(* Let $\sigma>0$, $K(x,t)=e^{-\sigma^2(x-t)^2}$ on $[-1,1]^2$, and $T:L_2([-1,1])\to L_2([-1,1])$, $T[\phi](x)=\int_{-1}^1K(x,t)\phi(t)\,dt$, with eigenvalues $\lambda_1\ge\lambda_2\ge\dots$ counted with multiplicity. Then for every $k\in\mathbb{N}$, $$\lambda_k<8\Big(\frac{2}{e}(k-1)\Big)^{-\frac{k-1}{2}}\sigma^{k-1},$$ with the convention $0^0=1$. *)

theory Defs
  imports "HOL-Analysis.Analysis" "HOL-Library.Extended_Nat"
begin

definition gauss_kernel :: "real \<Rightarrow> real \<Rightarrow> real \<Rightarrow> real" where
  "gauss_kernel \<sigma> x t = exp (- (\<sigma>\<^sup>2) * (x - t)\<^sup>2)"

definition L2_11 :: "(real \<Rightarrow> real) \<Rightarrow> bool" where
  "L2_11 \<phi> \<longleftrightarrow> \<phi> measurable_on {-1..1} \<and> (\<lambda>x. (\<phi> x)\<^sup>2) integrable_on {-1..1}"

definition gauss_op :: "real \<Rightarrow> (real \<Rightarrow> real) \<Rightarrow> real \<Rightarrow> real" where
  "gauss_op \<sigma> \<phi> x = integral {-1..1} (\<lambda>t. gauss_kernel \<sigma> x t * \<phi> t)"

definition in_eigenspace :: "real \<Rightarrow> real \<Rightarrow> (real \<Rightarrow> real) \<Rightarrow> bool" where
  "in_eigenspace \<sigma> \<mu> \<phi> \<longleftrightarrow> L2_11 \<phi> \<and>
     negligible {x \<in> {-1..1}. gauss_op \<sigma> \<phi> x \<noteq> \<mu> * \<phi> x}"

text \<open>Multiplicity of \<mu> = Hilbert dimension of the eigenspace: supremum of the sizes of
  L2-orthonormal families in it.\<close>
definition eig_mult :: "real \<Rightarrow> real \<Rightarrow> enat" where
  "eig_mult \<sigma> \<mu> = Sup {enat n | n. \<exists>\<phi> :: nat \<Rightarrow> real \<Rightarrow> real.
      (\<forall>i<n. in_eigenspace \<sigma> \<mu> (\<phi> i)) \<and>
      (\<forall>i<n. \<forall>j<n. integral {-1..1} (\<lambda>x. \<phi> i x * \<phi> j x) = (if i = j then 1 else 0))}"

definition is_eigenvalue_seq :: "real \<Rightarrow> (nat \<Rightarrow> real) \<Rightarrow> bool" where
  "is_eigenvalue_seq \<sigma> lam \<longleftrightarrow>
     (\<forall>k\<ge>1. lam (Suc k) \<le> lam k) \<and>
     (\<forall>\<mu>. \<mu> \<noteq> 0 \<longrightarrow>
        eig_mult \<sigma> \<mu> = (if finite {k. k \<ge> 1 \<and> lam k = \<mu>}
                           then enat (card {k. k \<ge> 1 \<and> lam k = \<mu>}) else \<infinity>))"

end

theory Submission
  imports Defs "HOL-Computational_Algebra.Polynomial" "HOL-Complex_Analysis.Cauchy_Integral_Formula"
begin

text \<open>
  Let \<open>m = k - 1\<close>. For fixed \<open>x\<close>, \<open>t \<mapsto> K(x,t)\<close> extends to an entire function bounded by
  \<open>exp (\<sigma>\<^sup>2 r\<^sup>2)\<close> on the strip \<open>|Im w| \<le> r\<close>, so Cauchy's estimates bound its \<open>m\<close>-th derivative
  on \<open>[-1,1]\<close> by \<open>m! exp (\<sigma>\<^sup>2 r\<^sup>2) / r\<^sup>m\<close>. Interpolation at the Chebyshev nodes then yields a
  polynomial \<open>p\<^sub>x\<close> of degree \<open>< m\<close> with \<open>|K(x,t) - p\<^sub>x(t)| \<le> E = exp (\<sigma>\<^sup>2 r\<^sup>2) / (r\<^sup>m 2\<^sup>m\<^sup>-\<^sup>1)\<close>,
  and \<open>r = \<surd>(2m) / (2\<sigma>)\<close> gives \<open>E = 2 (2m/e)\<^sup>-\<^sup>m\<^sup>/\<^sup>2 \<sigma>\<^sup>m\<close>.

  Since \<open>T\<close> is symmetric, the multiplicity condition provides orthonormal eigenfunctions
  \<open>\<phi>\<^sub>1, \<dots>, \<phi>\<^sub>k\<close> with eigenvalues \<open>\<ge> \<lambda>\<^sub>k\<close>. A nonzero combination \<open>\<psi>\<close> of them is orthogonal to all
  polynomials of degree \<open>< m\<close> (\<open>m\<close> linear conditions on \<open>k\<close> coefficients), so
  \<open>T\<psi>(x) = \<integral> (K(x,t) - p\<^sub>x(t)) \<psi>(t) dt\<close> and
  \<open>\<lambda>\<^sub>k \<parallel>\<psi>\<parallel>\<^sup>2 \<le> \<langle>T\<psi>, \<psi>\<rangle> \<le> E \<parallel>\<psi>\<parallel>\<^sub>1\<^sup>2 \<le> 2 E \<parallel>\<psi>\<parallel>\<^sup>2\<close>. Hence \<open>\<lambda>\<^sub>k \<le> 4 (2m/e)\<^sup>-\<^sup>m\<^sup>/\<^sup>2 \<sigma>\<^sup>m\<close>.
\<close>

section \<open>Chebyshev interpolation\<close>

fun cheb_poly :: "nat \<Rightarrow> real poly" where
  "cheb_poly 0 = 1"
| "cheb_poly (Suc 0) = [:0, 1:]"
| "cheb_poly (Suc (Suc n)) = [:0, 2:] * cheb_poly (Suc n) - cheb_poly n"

...

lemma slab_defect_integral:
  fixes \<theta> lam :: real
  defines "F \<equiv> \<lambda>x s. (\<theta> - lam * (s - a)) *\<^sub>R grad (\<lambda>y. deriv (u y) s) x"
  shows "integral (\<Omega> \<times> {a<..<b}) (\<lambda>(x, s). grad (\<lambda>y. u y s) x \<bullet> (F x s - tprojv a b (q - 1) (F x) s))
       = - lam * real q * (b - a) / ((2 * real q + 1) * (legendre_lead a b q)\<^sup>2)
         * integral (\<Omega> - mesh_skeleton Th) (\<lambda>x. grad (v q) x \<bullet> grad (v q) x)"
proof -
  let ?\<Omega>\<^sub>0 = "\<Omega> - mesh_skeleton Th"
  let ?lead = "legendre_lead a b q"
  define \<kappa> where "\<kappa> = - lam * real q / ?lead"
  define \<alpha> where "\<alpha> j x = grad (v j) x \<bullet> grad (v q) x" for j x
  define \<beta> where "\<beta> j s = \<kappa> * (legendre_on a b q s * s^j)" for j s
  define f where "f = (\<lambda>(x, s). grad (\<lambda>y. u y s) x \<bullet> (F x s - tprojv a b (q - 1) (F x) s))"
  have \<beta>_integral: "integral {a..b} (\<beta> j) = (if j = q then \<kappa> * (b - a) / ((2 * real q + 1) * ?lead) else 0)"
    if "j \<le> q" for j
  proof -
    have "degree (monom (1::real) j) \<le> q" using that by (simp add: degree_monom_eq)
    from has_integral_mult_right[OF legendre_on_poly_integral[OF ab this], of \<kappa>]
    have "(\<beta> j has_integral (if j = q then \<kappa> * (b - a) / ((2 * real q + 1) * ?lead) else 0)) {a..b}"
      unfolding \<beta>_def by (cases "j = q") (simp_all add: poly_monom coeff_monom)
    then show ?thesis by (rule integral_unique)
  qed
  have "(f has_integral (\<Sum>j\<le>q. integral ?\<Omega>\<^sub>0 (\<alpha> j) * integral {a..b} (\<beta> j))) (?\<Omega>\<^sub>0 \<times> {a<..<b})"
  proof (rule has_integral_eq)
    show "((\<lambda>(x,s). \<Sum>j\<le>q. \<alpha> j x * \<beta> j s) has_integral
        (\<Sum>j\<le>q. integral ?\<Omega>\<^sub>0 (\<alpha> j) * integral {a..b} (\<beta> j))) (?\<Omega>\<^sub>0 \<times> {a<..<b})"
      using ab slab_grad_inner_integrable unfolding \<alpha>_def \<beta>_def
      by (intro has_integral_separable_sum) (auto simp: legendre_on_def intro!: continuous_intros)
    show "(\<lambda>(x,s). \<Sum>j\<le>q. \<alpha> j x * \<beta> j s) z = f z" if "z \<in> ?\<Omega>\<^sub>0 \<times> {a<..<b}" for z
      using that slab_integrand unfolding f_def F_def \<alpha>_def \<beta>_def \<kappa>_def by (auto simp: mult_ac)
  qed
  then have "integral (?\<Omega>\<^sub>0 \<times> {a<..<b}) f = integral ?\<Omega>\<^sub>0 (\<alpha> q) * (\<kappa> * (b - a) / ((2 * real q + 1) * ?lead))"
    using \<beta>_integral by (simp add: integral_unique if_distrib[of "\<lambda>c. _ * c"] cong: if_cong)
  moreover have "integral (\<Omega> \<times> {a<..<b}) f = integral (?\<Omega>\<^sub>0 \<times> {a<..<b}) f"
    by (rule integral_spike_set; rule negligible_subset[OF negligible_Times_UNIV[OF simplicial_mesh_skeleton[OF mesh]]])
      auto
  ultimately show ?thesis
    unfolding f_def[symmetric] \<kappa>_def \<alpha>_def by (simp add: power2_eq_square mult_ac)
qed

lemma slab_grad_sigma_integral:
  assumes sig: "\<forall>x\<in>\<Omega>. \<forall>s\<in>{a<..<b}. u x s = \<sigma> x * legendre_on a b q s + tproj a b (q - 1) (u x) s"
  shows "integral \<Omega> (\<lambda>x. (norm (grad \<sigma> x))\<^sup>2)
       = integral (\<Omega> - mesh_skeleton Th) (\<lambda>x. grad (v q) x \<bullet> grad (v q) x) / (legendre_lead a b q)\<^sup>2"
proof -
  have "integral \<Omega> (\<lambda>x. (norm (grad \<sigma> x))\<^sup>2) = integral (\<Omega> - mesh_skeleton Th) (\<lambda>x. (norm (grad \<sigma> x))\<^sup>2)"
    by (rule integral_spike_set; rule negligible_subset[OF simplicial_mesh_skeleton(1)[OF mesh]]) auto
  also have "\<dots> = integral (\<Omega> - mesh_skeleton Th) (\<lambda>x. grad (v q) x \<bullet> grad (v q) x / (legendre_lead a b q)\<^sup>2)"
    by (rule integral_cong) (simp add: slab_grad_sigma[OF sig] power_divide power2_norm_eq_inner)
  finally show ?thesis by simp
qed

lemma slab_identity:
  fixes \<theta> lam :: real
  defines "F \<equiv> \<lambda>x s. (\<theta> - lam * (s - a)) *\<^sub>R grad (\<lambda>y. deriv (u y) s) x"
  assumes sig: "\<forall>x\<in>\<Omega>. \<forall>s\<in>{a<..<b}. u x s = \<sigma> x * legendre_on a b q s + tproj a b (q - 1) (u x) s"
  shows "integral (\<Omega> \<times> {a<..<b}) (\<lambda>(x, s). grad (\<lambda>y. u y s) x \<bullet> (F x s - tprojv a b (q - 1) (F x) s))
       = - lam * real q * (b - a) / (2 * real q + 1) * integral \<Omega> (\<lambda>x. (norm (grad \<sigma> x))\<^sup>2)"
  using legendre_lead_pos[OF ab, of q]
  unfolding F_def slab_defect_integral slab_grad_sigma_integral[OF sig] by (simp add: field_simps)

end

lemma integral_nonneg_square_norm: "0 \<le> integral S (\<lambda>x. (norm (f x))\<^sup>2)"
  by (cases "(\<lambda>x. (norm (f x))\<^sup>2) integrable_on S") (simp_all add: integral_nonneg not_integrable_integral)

---

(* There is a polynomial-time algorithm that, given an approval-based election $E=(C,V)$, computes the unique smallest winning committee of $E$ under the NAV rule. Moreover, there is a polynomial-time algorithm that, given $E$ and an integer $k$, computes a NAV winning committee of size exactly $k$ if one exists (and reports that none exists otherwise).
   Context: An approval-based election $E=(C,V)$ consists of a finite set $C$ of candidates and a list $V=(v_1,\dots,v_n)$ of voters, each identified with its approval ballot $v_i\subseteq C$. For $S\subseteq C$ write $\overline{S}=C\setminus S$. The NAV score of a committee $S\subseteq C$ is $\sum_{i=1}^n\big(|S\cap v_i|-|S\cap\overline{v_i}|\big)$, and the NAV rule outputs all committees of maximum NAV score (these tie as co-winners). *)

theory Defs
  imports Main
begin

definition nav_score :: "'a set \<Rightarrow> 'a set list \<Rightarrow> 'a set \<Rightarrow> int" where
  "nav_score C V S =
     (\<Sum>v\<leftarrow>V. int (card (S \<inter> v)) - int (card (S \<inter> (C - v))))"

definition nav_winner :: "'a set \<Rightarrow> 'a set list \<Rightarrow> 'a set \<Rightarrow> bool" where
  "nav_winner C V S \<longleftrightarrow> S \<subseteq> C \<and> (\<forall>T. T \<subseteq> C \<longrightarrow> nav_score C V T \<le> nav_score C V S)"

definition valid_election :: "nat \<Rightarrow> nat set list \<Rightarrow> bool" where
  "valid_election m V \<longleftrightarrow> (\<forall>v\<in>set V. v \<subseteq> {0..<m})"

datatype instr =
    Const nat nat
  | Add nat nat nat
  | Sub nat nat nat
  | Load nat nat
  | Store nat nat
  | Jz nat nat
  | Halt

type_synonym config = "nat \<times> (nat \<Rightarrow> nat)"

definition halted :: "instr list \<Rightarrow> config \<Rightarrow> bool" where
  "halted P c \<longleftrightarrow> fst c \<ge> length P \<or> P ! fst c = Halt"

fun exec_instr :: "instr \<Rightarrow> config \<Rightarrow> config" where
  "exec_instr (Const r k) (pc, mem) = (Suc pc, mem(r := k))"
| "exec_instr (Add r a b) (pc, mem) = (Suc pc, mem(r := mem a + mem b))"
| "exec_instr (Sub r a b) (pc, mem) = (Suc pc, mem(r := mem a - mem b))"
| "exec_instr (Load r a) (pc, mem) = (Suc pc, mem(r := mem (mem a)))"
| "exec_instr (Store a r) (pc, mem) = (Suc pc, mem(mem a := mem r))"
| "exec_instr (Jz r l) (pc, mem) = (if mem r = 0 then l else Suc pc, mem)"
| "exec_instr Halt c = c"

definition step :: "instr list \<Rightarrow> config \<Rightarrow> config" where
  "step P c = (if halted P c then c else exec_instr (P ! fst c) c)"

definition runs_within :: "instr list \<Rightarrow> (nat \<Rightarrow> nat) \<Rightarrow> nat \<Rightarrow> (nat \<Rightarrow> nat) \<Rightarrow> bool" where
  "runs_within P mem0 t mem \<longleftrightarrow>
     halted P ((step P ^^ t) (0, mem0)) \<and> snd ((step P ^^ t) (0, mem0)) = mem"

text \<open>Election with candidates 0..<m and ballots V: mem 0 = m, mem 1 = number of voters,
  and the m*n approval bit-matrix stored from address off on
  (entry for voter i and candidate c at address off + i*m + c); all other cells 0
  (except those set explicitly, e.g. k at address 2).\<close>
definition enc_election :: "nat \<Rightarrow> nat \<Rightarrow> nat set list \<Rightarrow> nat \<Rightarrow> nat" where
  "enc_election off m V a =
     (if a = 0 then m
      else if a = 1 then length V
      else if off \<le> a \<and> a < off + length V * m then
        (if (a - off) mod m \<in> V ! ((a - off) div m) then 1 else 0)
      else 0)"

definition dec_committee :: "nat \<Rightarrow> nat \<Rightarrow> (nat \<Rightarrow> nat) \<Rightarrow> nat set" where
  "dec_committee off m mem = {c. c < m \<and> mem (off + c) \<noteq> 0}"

Exercise details — Find the lines above that hold "Chebyshev", then copy each of them.

Solution for this exercise —
  on \<open>[-1,1]\<close> by \<open>m! exp (\<sigma>\<^sup>2 r\<^sup>2) / r\<^sup>m\<close>. Interpolation at the Chebyshev nodes then yields a
section \<open>Chebyshev interpolation\<close>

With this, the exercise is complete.